In 1983 Robert Cray looked the spitting image of a young Mohammed Ali.  I’m looking through my Nikon viewfinder at a man more reminiscent of the present Barrack Obama, but the elder statesman look suits Robert Cray.  For many younger Blues fans Cray is an elder statesman of the genre – indeed, as time increasing robs us of his peers, he’s the next generation after Clapton.  That 1990 gig in Wisconsin playing  ‘Sweet Home Alabama’ alongside Clapton and Stevie Ray which were to be the latters last moments on a stage sealed Cray’s place as a Blues kingpin for the next generation, and respect, he’s been a noble ambassador in true BB King tradition.

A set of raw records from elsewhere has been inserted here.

lemma dimsize_ge_1:
  assumes "finite A" "A \<subseteq> I" "a \<in> A"
  shows "dimsize d A \<ge> 1"
proof -
  have "1 \<le> d a"
    using d_ge1 assms by blast
  then have "1 \<le> (d a)\<^sup>2"
    by simp
  also have "\<dots> \<le> dimsize d A"
    unfolding dimsize_def using assms by (intro member_le_sum) auto
  finally show ?thesis .
qed

lemma dimsize_le_mult_if_subset_UN_supp:
  assumes "finite A" "finite B" "A \<subseteq> I" "B \<subseteq> I"
    and "T \<subseteq> (\<Union>b\<in>A. \<Union>g\<in>B. supp I N b g)"
  shows "dimsize d T \<le> dimsize d A * dimsize d B"
proof -
  define S where "S = (SIGMA p:A \<times> B. supp I N (fst p) (snd p))"
  have fin_supp: "finite (supp I N (fst p) (snd p))" if "p \<in> A \<times> B" for p
    using that assms(3,4) by (intro finite_supp) auto
  have fin: "finite S"
    unfolding S_def using assms(1,2) fin_supp by (intro finite_SigmaI) auto
  have "T \<subseteq> snd ` S"
  proof
    fix a assume "a \<in> T"
    then obtain b g where "b \<in> A" "g \<in> B" "a \<in> supp I N b g"
      using assms(5) by blast
    then have "((b, g), a) \<in> S"
      by (simp add: S_def)
    then show "a \<in> snd ` S"
      by (rule image_eqI[rotated]) simp
  qed
  then have "dimsize d T \<le> dimsize d (snd ` S)"
    unfolding dimsize_def using fin by (intro sum_mono2) simp_all
  also have "\<dots> \<le> (\<Sum>q\<in>S. (d (snd q))\<^sup>2)"
    unfolding dimsize_def using sum_image_le[OF fin, of "\<lambda>a. (d a)\<^sup>2" snd] by (simp add: comp_def)
  also have "\<dots> = (\<Sum>p\<in>A \<times> B. dimsize d (supp I N (fst p) (snd p)))"
    unfolding S_def dimsize_def using assms(1,2) fin_supp by (subst sum.Sigma) (auto simp: split_def)
  also have "\<dots> \<le> (\<Sum>p\<in>A \<times> B. (d (fst p))\<^sup>2 * (d (snd p))\<^sup>2)"
  proof (rule sum_mono)
    fix p assume "p \<in> A \<times> B"
    then show "dimsize d (supp I N (fst p) (snd p)) \<le> (d (fst p))\<^sup>2 * (d (snd p))\<^sup>2"
      using assms(3,4) by (intro dimsize_supp_le) auto
  qed
  also have "\<dots> = dimsize d A * dimsize d B"
    by (simp add: dimsize_def sum_product sum.cartesian_product split_def)
  finally show ?thesis .
qed
(* Let $\mathcal{D}$ be any distribution over a domain $X$ and $c$ any concept, and let $\mathcal{D}_c$ be the distribution of $(\mathbf{x}, c(\mathbf{x}))$ where $\mathbf{x} \sim \mathcal{D}$. Suppose a sample $\mathbf{S}'_{\mathrm{big}}$ of $nk$ labeled points is generated by an $\eta$-rate nasty adversary with clean distribution $\mathcal{D}_c$: a clean sample $\mathbf{S}_{\mathrm{big}} \sim (\mathcal{D}_c)^{nk}$ is drawn, the adversary chooses a set $\mathbf{Z} \subseteq [nk]$ of indices (possibly depending on the clean sample) whose size $|\mathbf{Z}|$ has marginal distribution $\mathrm{Bin}(nk,\eta)$, and replaces the examples at indices in $\mathbf{Z}$ by arbitrary labeled examples. The sample $\mathbf{S}'_{\mathrm{big}}$ is then split into $k$ groups $(\mathbf{S}^{(1)})', \ldots, (\mathbf{S}^{(k)})'$ by drawing a uniform random permutation $\boldsymbol{\sigma}:[nk]\to[nk]$, forming $\boldsymbol{\sigma}(\mathbf{S}'_{\mathrm{big}})$ with $i$-th element $(\mathbf{S}'_{\mathrm{big}})_{\boldsymbol{\sigma}(i)}$, and letting $(\mathbf{S}^{(1)})'$ be its first $n$ elements, $(\mathbf{S}^{(2)})'$ the next $n$ elements, and so on. Then there exist random variables $\mathbf{S}^{(1)}, \ldots, \mathbf{S}^{(k)}$ and $\mathbf{z}_1, \ldots, \mathbf{z}_k$ (jointly defined with this process) with the following properties: 1. The marginal distribution of $\mathbf{S}^{(1)}, \ldots, \mathbf{S}^{(k)}$ is that of $k$ independent draws from $(\mathcal{D}_c)^n$. 2. The marginal distribution of $\mathbf{z}_1, \ldots, \mathbf{z}_k$ is that of $k$ independent draws from $\mathrm{Bin}(n, \eta)$. 3. With probability $1$, for all $i \in [k]$, the number of coordinates on which $\mathbf{S}^{(i)}$ and $(\mathbf{S}^{(i)})'$ differ is at most $\mathbf{z}_i$.
   Context: This concerns the success-probability amplification procedure for learners under nasty noise, which randomly permutes a corrupted size-$nk$ sample and splits it into $k$ groups of size $n$, running a base learner on each group. In the $\eta$-rate nasty noise model, a clean labeled sample is drawn i.i.d., then the adversary (seeing the whole clean sample) chooses a subset of indices to corrupt whose size is marginally $\mathrm{Bin}(\text{sample size},\eta)$, and replaces those examples arbitrarily. No assumption is made about the correlation between the $\mathbf{S}^{(i)}$ and the $\mathbf{z}_i$. *)

theory Defs
  imports "HOL-Probability.Probability"
begin
definition o_cycle :: "real mat \<Rightarrow> real mat \<Rightarrow> dsr_vertex list \<Rightarrow> bool" where
  "o_cycle A B vs \<longleftrightarrow> dsr_cycle A B vs \<and> cycle_parity A B vs = -1"

(* s-cycle (e_1,...,e_{2r}): all labels finite and prod_{i=1}^r l(e_{2i-1}) = prod_{i=1}^r l(e_{2i}).
   Edge e_{k+1} has index k here. *)
definition s_cycle :: "real mat \<Rightarrow> real mat \<Rightarrow> dsr_vertex list \<Rightarrow> bool" where
  "s_cycle A B vs \<longleftrightarrow> dsr_cycle A B vs \<and> even (length vs) \<and>
     (\<forall>k < length vs. cyc_edge_label A B vs k \<noteq> None) \<and>
     (\<Prod>i < length vs div 2. the (cyc_edge_label A B vs (2 * i))) =
     (\<Prod>i < length vs div 2. the (cyc_edge_label A B vs (2 * i + 1)))"

end

theory Submission
  imports Defs
begin

(* The nonzero eigenvalues of AB are those of the 3 x 3 matrix N = BA, the sum of the rank-one
   matrices b_i a_i^T built from the columns of B and the rows of A. A nonreal root z of the
   characteristic polynomial z^3 - c1 z^2 + c2 z - c3 of N satisfies
   c1 c2 - c3 = 2 Re z ((c1 - Re z)^2 + (Im z)^2), so it suffices to show c1 c2 - c3 >= 0.
   This cubic form is the diagonal of a symmetric trilinear form, so it splits into the values of
   that form at triples of rank-one terms. Each value is a sum of products which are nonnegative
   by the sign compatibility of A and B^t, and of cross terms given by 4- and 6-cycles of the DSR
   graph: a cross term of the wrong sign comes from an e-cycle of length 4 or an o-cycle of
   length 6, which is then an s-cycle, and the s-cycle condition makes it cancel. *)

(* 3 x 3 matrices are handled as entry functions, so that BA is literally a pointwise sum of
   rank-one terms and the forms below are visibly multilinear. *)

type_synonym 'a entry_fun = "nat \<Rightarrow> nat \<Rightarrow> 'a"

definition tr3 :: "'a::comm_ring_1 entry_fun \<Rightarrow> 'a" where
  "tr3 N = N 0 0 + N 1 1 + N 2 2"

definition sigma2 :: "'a::comm_ring_1 entry_fun \<Rightarrow> 'a" where
  "sigma2 N = N 0 0 * N 1 1 - N 0 1 * N 1 0 + N 0 0 * N 2 2 - N 0 2 * N 2 0
            + N 1 1 * N 2 2 - N 1 2 * N 2 1"

definition row_det3 :: "'a::comm_ring_1 entry_fun \<Rightarrow> 'a entry_fun \<Rightarrow> 'a entry_fun \<Rightarrow> 'a" where
  "row_det3 R S T = R 0 0 * S 1 1 * T 2 2 - R 0 0 * S 1 2 * T 2 1 - R 0 1 * S 1 0 * T 2 2
                  + R 0 1 * S 1 2 * T 2 0 + R 0 2 * S 1 0 * T 2 1 - R 0 2 * S 1 1 * T 2 0"

lemma less_3_cases: "(j::nat) < 3 \<longleftrightarrow> j = 0 \<or> j = 1 \<or> j = 2"
  by arith

lemma mat_mult_vec_index_3:
  fixes N :: "'a::comm_ring_1 entry_fun"
  assumes "w \<in> carrier_vec 3" "j < 3"
  shows "(mat 3 3 (\<lambda>(j, k). N j k) *\<^sub>v w) $ j = N j 0 * w $ 0 + N j 1 * w $ 1 + N j 2 * w $ 2"
  using assms by (simp add: scalar_prod_def atLeast0LessThan eval_nat_numeral lessThan_Suc add_ac)

lemma eigenvalue_3x3_char_eq:
  fixes N :: "'a::idom entry_fun"
  assumes "eigenvalue (mat 3 3 (\<lambda>(j, k). N j k)) z"
  shows "z ^ 3 - tr3 N * z\<^sup>2 + sigma2 N * z - row_det3 N N N = 0"
proof -
  obtain w where w: "w \<in> carrier_vec 3" "w \<noteq> 0\<^sub>v 3"
    and Nw: "mat 3 3 (\<lambda>(j, k). N j k) *\<^sub>v w = z \<cdot>\<^sub>v w"
    using assms unfolding eigenvalue_def eigenvector_def by auto
  \<comment> \<open>\<open>K j\<close> is entry \<open>j\<close> of \<open>(N - z I) w\<close>, and \<open>d\<close> below is \<open>det (N - z I)\<close>; multiplying
      \<open>K\<close> by the adjugate of \<open>N - z I\<close> gives \<open>d w = 0\<close>.\<close>
  define K where "K j = (N j 0 - (if j = 0 then z else 0)) * w $ 0
    + (N j 1 - (if j = 1 then z else 0)) * w $ 1 + (N j 2 - (if j = 2 then z else 0)) * w $ 2" for j
  have K: "K j = 0" if j: "j < 3" for j
  proof -
    have "(mat 3 3 (\<lambda>(j, k). N j k) *\<^sub>v w) $ j = z * w $ j"
      using Nw j w(1) by simp
    then show ?thesis
      using j unfolding mat_mult_vec_index_3[OF w(1) j] K_def
      by (auto simp: less_3_cases algebra_simps)
  qed
  define d where "d = - (z ^ 3 - tr3 N * z\<^sup>2 + sigma2 N * z - row_det3 N N N)"
  have "d * w $ 0 = ((N 1 1 - z) * (N 2 2 - z) - N 1 2 * N 2 1) * K 0
      - (N 0 1 * (N 2 2 - z) - N 0 2 * N 2 1) * K 1 + (N 0 1 * N 1 2 - N 0 2 * (N 1 1 - z)) * K 2"
    "d * w $ 1 = - (N 1 0 * (N 2 2 - z) - N 1 2 * N 2 0) * K 0
      + ((N 0 0 - z) * (N 2 2 - z) - N 0 2 * N 2 0) * K 1 - ((N 0 0 - z) * N 1 2 - N 0 2 * N 1 0) * K 2"
    "d * w $ 2 = (N 1 0 * N 2 1 - (N 1 1 - z) * N 2 0) * K 0
      - ((N 0 0 - z) * N 2 1 - N 0 1 * N 2 0) * K 1 + ((N 0 0 - z) * (N 1 1 - z) - N 0 1 * N 1 0) * K 2"
    unfolding d_def K_def tr3_def sigma2_def row_det3_def
    by (simp_all add: algebra_simps power2_eq_square power3_eq_cube)
  then have "d * w $ j = 0" if "j < 3" for j
    using K that by (auto simp: less_3_cases)
  moreover obtain j where "j < 3" "w $ j \<noteq> 0"
    using w by (metis eq_vecI carrier_vecD index_zero_vec)
  ultimately have "d = 0"
    by auto
  then show ?thesis
    unfolding d_def by simp
qed

lemma cubic_nonreal_root_Re:
  fixes c1 c2 c3 :: real and z :: complex
  assumes root: "z ^ 3 - c1 * z\<^sup>2 + c2 * z - c3 = 0" and "Im z \<noteq> 0"
  shows "c1 * c2 - c3 = 2 * Re z * ((c1 - Re z)\<^sup>2 + (Im z)\<^sup>2)"
proof -
  obtain a b where z: "z = Complex a b" and "b \<noteq> 0"
    using assms(2) complex.exhaust_sel by blast
  have re: "a ^ 3 - 3 * a * b\<^sup>2 - c1 * (a\<^sup>2 - b\<^sup>2) + c2 * a - c3 = 0"
    using arg_cong[OF root, of Re] unfolding z
    by (simp add: power3_eq_cube power2_eq_square algebra_simps)
  have "b * (3 * a\<^sup>2 - b\<^sup>2 - 2 * c1 * a + c2) = 0"
    using arg_cong[OF root, of Im] unfolding z
    by (simp add: power3_eq_cube power2_eq_square algebra_simps)
  with \<open>b \<noteq> 0\<close> have im: "3 * a\<^sup>2 - b\<^sup>2 - 2 * c1 * a + c2 = 0"
    by simp
  have "c1 * c2 - c3 - 2 * a * ((c1 - a)\<^sup>2 + b\<^sup>2)
      = (a ^ 3 - 3 * a * b\<^sup>2 - c1 * (a\<^sup>2 - b\<^sup>2) + c2 * a - c3) + (c1 - a) * (3 * a\<^sup>2 - b\<^sup>2 - 2 * c1 * a + c2)"
    by (simp add: algebra_simps power2_eq_square power3_eq_cube)
  with re im show ?thesis
    unfolding z by simp
qed
lemma strongly_convex_on_minimizer_unique:
  fixes f :: "real \<Rightarrow> real"
  assumes "strongly_convex_on S f" "convex S"
    and "p \<in> S" "\<forall>s\<in>S. f p \<le> f s" "t \<in> S" "f t \<le> f p"
  shows "t = p"
proof -
  obtain \<mu> where "\<mu> > 0" and sc: "\<forall>x\<in>S. \<forall>y\<in>S. \<forall>\<theta>\<in>{0..1}. f (\<theta> * x + (1 - \<theta>) * y)
      \<le> \<theta> * f x + (1 - \<theta>) * f y - \<mu> / 2 * \<theta> * (1 - \<theta>) * (x - y)\<^sup>2"
    using assms(1) unfolding strongly_convex_on_def by blast
  have "1/2 * t + (1 - 1/2) * p \<in> S"
    using convexD[OF \<open>convex S\<close> \<open>t \<in> S\<close> \<open>p \<in> S\<close>, of "1/2" "1/2"] by simp
  then have "f p \<le> f (1/2 * t + (1 - 1/2) * p)"
    using assms(4) by blast
  also have "\<dots> \<le> 1/2 * f t + (1 - 1/2) * f p - \<mu> / 2 * (1/2) * (1 - 1/2) * (t - p)\<^sup>2"
    by (rule sc[rule_format]) (use \<open>t \<in> S\<close> \<open>p \<in> S\<close> in auto)
  finally have "\<mu> * (t - p)\<^sup>2 \<le> 0"
    using \<open>f t \<le> f p\<close> by simp
  then show ?thesis
    using \<open>\<mu> > 0\<close> by (simp add: mult_le_0_iff)
qed

lemma convex_on_clamp_le:
  fixes f :: "real \<Rightarrow> real"
  assumes "convex_on UNIV f" "\<forall>s\<in>{a..b}. f t \<le> f s" "s \<in> {a..b}"
  shows "f (max a (min b t)) \<le> f s"
proof -
  have between: "f p \<le> f s" if "p \<in> {u..v}" "f u \<le> f s" "f v \<le> f s" for p u v
    using convex_on_le_max[OF convex_on_subset[OF assms(1)], of u v p] that by simp
  consider "t < a" | "t \<in> {a..b}" | "b < t" by force
  then show ?thesis
  proof cases
    case 1
    then show ?thesis using between[of a t s] assms(2,3) by auto
  next
    case 3
    then show ?thesis using between[of b s t] assms(2,3) by auto
  qed (use assms in auto)
qed
lemma dist_indep_periodic:
  fixes R S :: "int set" and M :: int
  assumes "S \<subseteq> {0<..<M}"
    and differences: "\<And>u w. u \<in> R \<Longrightarrow> w \<in> R \<Longrightarrow> u - w \<notin> S \<and> u - w + M \<notin> S"
  shows "dist_indep S {x. x mod M \<in> R}"
  unfolding dist_indep_def
proof (intro ballI notI)
  have no_positive_difference: False
    if "x mod M \<in> R" "y mod M \<in> R" "x - y \<in> S" for x y
  proof -
    have "0 < x - y" "x - y < M" using that(3) assms(1) by auto
    define d where "d = x mod M - y mod M"
    have d_mod: "d mod M = x - y"
      using \<open>0 < x - y\<close> \<open>x - y < M\<close> by (simp add: d_def mod_diff_eq)
    have "0 < M" using \<open>0 < x - y\<close> \<open>x - y < M\<close> by simp
    then have d_bounds: "- M < d" "d < M"
      using pos_mod_sign[of M x] pos_mod_bound[of M x] pos_mod_sign[of M y] pos_mod_bound[of M y]
      unfolding d_def by linarith+
    have "d = x - y \<or> d + M = x - y"
    proof (cases "0 \<le> d")
      case True
      then show ?thesis using d_mod d_bounds by (simp add: mod_pos_pos_trivial)
    next
      case False
      then have "(d + M) mod M = d + M" using d_bounds by (intro mod_pos_pos_trivial) auto
      then show ?thesis using d_mod by simp
    qed
    then show False using differences[OF that(1,2)] that(3) unfolding d_def by auto
  qed
  fix x y assume "x \<in> {x. x mod M \<in> R}" "y \<in> {x. x mod M \<in> R}" "\<bar>x - y\<bar> \<in> S"
  then show False
    using no_positive_difference[of x y] no_positive_difference[of y x] by (cases "y \<le> x") auto
qed

definition extremal_residues :: "int \<Rightarrow> int set" where
  "extremal_residues k = (\<lambda>a. 2 * a) ` {0..<k} \<union> (\<lambda>a. 2 * k + 1 + 2 * a) ` {0..<k}"

lemma card_extremal_residues:
  assumes "0 \<le> k"
  shows "int (card (extremal_residues k)) = 2 * k"
proof -
  have "card (extremal_residues k) =
      card ((\<lambda>a. 2 * a) ` {0..<k}) + card ((\<lambda>a. 2 * k + 1 + 2 * a) ` {0..<k})"
    unfolding extremal_residues_def by (rule card_Un_disjoint) auto
  also have "\<dots> = 2 * nat k" by (simp add: card_image inj_on_def)
  finally show ?thesis using assms by simp
qed

lemma extremal_residues_differences:
  fixes k l u w :: int
  assumes "1 \<le> l" "l \<le> k" "u \<in> extremal_residues k" "w \<in> extremal_residues k"
  shows "u - w \<notin> {1, 2 * k, 2 * k + 2 * l} \<and> u - w + (4 * k + 2 * l) \<notin> {1, 2 * k, 2 * k + 2 * l}"
  using assms unfolding extremal_residues_def by auto presburger+

lemma dist_indep_extremal:
  fixes k l :: int
  assumes "1 \<le> l" "l \<le> k"
  shows "dist_indep {1, 2 * k, 2 * k + 2 * l} {x. x mod (4 * k + 2 * l) \<in> extremal_residues k}"
  using assms extremal_residues_differences[OF assms] by (intro dist_indep_periodic) auto

lemma obtain_increasing_elements:
  fixes F :: "'a::linorder set"
  assumes "finite F" and "n < card F"
  obtains p :: "nat \<Rightarrow> 'a"
  where "\<And>i j. i < j \<Longrightarrow> j \<le> n \<Longrightarrow> p i < p j" and "\<And>i. i \<le> n \<Longrightarrow> p i \<in> F"
proof
  define xs where "xs = sorted_list_of_set F"
  have xs: "sorted_wrt (<) xs" "set xs = F" "length xs = card F"
    using assms(1) by (simp_all add: xs_def)
  show "xs ! i < xs ! j" if "i < j" "j \<le> n" for i j
    using sorted_wrt_nth_less[OF xs(1) that(1)] that assms(2) xs(3) by simp
  show "xs ! i \<in> F" if "i \<le> n" for i
    using that assms(2) xs(2,3) by (metis le_less_trans nth_mem)
qed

So long ago now but I still remember the audio thrill of catching the Man for the first time, playing ‘Phonebooth’ on that staple programme for all serious Brit music lovers ‘Old Grey Whistle Test’.  It’s still a popular part of the set 33 years on, at least for me.  Much of the seated audience though seems to want tracks from Cray’s 80’s releases ‘Strong Persuader’ and ‘Don’t be afraid of the dark’.  When the band encore someone even calls out the latter to be answered by Cray “Oh, I’m Not!”they are rewarded in the set itself with a funky version of ‘Right Next Door (Because of me)’ courtesy of some deep picking by longtime bassist and co-writer Richard Cousins  who adds some lightness to the evening onstage  with the occasional little dance mid-song.  Given the bunched together seating he was the only one with that option.


At one point Cray announces somewhat optimistically “Here’s a funky little number that you can dance to” which seemed as far removed from the reality of the situation as the audio voice-over before the show announcing that “Picture taking is permitted but without flash only” seconds before I was granted permission to shoot for just one song, from the centre corridor only, and not directly in front of the stage (which put me directly in front of Cray’s mike stand which he stood behind for the entire song).

Veteran Cray bassman and co-writer Richard Cousins

Veteran Cray bassman and co-writer Richard Cousins

The show that followed was precision engineered  Blues Rock with only an occasional break for raw emotion which made Cray’s bar-room swaggering take of ‘Sitting on top of the World’ all the more enjoyable and precious (thanks especially to the keys of Dover Weinerg).  The strident ‘You Move Me’ managed to get feet tapping and my favourite ballad of the evening ‘Time makes two’ brought goose-bumps to not a few of the audience I suspect.  Some memorable musical moments then, but at times I found myself detached from the atmosphere despite the small venue both visually and audibly.  A design fault of the venue rather than Cray’s for the most part. I couldn’t help noticing that the cheers and waves came from the centre aisles whilst those either side sat for the most part in silence so it wasn’t just me.  It’s the ‘curse’ of many a musical great it seems to find themselves playing in seated theatres of course, and I could see better than ever the reasoning behind bass superstar Carmine Rojas’s decision to exchange the arenas behind Joe Bonamassa for the clubs behind Ryan McGarvey.

Living Legend - Robert Cray

Living Legend – Robert Cray

All in all I preferred the RC band in that 1983 sweaty Portsmouth Locarno Ballroom and the sense I was witness to the beginning of something special – which I was.  It was the sense I got last week at The Harmonie watching Devon Allman (currently topping the Billboard Blues Chart) for twice the atmosphere and half the price.   That’s not to devalue Robert Cray or his position as one of the most influencial Blues Ambassadors around today.  When he came along with those Blues-Pop crossover tunes in the 80’s he was having hits at a time when Blues was out of fashion, creating a lifeline that kept the genre alive between Clapton’s prominence and the rise of today’s emerging stars.  “Here’s one going back, but not back that far – cos I’m not so old!” he joked before ‘Forecast calls for pain’.  At a ‘young’ 63 there’s undoubtedly more good music to come from Robert Cray – just a shame the dancing days seem to be over.